ASSIGNMENT:
For the records that follow, please set down exactly the lines between the one holding "g = (\<Sum>i\<le>degree" and the one holding "multiplicative, k-linear and unital.\<close>", inclusive, and only those.

Start of Block

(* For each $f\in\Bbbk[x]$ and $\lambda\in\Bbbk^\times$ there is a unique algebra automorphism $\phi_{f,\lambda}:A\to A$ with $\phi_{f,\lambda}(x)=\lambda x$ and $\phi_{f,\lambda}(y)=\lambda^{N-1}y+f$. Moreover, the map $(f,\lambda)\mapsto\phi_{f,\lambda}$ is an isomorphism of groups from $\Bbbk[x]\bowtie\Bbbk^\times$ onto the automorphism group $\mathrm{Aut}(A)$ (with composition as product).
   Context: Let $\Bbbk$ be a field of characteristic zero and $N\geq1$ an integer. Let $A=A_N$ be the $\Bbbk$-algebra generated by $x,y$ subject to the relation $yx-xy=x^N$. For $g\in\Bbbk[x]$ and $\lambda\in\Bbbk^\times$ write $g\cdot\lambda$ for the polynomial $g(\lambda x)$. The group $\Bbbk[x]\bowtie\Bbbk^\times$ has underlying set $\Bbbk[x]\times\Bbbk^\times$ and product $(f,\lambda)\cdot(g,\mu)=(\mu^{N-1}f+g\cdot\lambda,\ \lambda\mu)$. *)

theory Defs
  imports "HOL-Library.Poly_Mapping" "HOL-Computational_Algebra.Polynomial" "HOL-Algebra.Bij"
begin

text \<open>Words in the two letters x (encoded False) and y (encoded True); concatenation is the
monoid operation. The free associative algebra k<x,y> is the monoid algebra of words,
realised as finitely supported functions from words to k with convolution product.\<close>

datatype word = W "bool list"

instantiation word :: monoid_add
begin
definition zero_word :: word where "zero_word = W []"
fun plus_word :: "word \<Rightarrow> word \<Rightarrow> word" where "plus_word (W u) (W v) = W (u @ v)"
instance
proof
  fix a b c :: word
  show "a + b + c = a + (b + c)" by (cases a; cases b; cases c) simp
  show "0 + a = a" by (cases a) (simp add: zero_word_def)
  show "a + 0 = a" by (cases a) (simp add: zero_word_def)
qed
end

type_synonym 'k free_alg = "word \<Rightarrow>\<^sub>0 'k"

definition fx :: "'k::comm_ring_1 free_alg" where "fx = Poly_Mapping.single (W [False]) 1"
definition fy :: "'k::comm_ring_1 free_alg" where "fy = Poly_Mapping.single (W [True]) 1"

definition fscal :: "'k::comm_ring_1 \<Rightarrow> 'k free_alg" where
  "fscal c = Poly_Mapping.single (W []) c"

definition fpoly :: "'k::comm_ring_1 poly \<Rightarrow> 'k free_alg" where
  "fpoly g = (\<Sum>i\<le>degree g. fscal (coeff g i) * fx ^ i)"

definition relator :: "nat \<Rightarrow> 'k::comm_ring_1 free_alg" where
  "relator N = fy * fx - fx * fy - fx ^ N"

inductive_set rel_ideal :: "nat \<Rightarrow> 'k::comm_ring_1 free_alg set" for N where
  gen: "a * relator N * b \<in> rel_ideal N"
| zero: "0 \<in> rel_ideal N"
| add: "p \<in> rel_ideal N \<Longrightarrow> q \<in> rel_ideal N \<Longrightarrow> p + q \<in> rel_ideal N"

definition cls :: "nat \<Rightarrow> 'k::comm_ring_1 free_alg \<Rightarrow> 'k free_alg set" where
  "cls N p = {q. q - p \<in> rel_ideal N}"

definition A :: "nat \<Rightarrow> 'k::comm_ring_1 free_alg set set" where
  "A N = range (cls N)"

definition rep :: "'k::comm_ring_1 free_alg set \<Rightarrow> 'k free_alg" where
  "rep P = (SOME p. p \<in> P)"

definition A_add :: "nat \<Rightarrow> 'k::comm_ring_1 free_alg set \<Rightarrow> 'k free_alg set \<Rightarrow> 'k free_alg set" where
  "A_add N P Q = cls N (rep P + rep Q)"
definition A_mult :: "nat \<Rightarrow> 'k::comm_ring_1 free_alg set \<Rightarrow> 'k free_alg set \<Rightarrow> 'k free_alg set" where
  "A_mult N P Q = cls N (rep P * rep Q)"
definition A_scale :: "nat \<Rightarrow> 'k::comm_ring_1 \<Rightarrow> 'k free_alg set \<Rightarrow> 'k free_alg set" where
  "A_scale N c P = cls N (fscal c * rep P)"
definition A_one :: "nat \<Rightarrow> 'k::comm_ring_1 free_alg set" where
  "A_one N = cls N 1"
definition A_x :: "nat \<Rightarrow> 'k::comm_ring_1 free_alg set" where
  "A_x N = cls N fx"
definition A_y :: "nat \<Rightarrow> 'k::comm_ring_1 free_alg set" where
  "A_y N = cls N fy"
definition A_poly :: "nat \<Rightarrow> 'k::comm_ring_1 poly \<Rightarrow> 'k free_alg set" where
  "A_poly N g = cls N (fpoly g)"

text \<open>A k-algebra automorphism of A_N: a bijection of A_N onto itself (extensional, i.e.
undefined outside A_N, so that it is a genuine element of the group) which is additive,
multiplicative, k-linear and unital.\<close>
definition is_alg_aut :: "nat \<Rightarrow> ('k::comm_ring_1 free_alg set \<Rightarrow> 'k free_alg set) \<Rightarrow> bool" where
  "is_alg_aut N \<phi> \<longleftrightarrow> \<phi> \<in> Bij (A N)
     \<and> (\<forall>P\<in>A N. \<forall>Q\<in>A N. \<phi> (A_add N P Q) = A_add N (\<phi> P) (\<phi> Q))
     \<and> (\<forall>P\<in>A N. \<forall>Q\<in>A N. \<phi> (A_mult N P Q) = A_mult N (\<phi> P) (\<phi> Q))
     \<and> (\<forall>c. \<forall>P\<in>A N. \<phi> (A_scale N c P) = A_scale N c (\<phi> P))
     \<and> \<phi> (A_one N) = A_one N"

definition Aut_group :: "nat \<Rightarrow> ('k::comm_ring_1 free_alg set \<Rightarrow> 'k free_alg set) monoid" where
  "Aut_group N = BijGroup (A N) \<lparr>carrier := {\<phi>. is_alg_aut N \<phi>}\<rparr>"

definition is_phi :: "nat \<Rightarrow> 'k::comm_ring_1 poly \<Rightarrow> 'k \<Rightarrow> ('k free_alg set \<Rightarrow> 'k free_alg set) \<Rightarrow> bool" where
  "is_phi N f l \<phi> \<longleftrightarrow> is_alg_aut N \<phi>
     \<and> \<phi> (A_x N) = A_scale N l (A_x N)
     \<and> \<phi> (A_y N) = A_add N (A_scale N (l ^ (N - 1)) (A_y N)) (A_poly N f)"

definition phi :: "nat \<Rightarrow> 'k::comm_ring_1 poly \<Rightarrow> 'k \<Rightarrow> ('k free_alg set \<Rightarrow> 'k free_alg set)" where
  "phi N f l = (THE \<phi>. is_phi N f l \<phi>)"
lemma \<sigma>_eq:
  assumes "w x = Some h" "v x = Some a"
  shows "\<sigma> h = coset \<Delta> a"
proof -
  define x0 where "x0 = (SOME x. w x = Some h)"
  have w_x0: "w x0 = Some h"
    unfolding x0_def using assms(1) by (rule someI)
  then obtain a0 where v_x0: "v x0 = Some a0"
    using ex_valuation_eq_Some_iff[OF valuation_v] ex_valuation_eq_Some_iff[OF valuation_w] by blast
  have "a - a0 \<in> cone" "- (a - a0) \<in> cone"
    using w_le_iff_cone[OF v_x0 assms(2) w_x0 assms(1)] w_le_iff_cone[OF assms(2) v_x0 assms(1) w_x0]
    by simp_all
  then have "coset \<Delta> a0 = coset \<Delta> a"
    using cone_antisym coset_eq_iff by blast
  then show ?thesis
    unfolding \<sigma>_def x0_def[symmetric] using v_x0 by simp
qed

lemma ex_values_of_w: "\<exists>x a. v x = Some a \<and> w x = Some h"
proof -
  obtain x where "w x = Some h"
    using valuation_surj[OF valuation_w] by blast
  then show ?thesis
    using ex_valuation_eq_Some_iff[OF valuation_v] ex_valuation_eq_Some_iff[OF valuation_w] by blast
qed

End of Block

EXPECTED OUTPUT:
  "fpoly g = (\<Sum>i\<le>degree g. fscal (coeff g i) * fx ^ i)"

definition relator :: "nat \<Rightarrow> 'k::comm_ring_1 free_alg" where
  "relator N = fy * fx - fx * fy - fx ^ N"

inductive_set rel_ideal :: "nat \<Rightarrow> 'k::comm_ring_1 free_alg set" for N where
  gen: "a * relator N * b \<in> rel_ideal N"
| zero: "0 \<in> rel_ideal N"
| add: "p \<in> rel_ideal N \<Longrightarrow> q \<in> rel_ideal N \<Longrightarrow> p + q \<in> rel_ideal N"

definition cls :: "nat \<Rightarrow> 'k::comm_ring_1 free_alg \<Rightarrow> 'k free_alg set" where
  "cls N p = {q. q - p \<in> rel_ideal N}"

definition A :: "nat \<Rightarrow> 'k::comm_ring_1 free_alg set set" where
  "A N = range (cls N)"

definition rep :: "'k::comm_ring_1 free_alg set \<Rightarrow> 'k free_alg" where
  "rep P = (SOME p. p \<in> P)"

definition A_add :: "nat \<Rightarrow> 'k::comm_ring_1 free_alg set \<Rightarrow> 'k free_alg set \<Rightarrow> 'k free_alg set" where
  "A_add N P Q = cls N (rep P + rep Q)"
definition A_mult :: "nat \<Rightarrow> 'k::comm_ring_1 free_alg set \<Rightarrow> 'k free_alg set \<Rightarrow> 'k free_alg set" where
  "A_mult N P Q = cls N (rep P * rep Q)"
definition A_scale :: "nat \<Rightarrow> 'k::comm_ring_1 \<Rightarrow> 'k free_alg set \<Rightarrow> 'k free_alg set" where
  "A_scale N c P = cls N (fscal c * rep P)"
definition A_one :: "nat \<Rightarrow> 'k::comm_ring_1 free_alg set" where
  "A_one N = cls N 1"
definition A_x :: "nat \<Rightarrow> 'k::comm_ring_1 free_alg set" where
  "A_x N = cls N fx"
definition A_y :: "nat \<Rightarrow> 'k::comm_ring_1 free_alg set" where
  "A_y N = cls N fy"
definition A_poly :: "nat \<Rightarrow> 'k::comm_ring_1 poly \<Rightarrow> 'k free_alg set" where
  "A_poly N g = cls N (fpoly g)"

text \<open>A k-algebra automorphism of A_N: a bijection of A_N onto itself (extensional, i.e.
undefined outside A_N, so that it is a genuine element of the group) which is additive,
multiplicative, k-linear and unital.\<close>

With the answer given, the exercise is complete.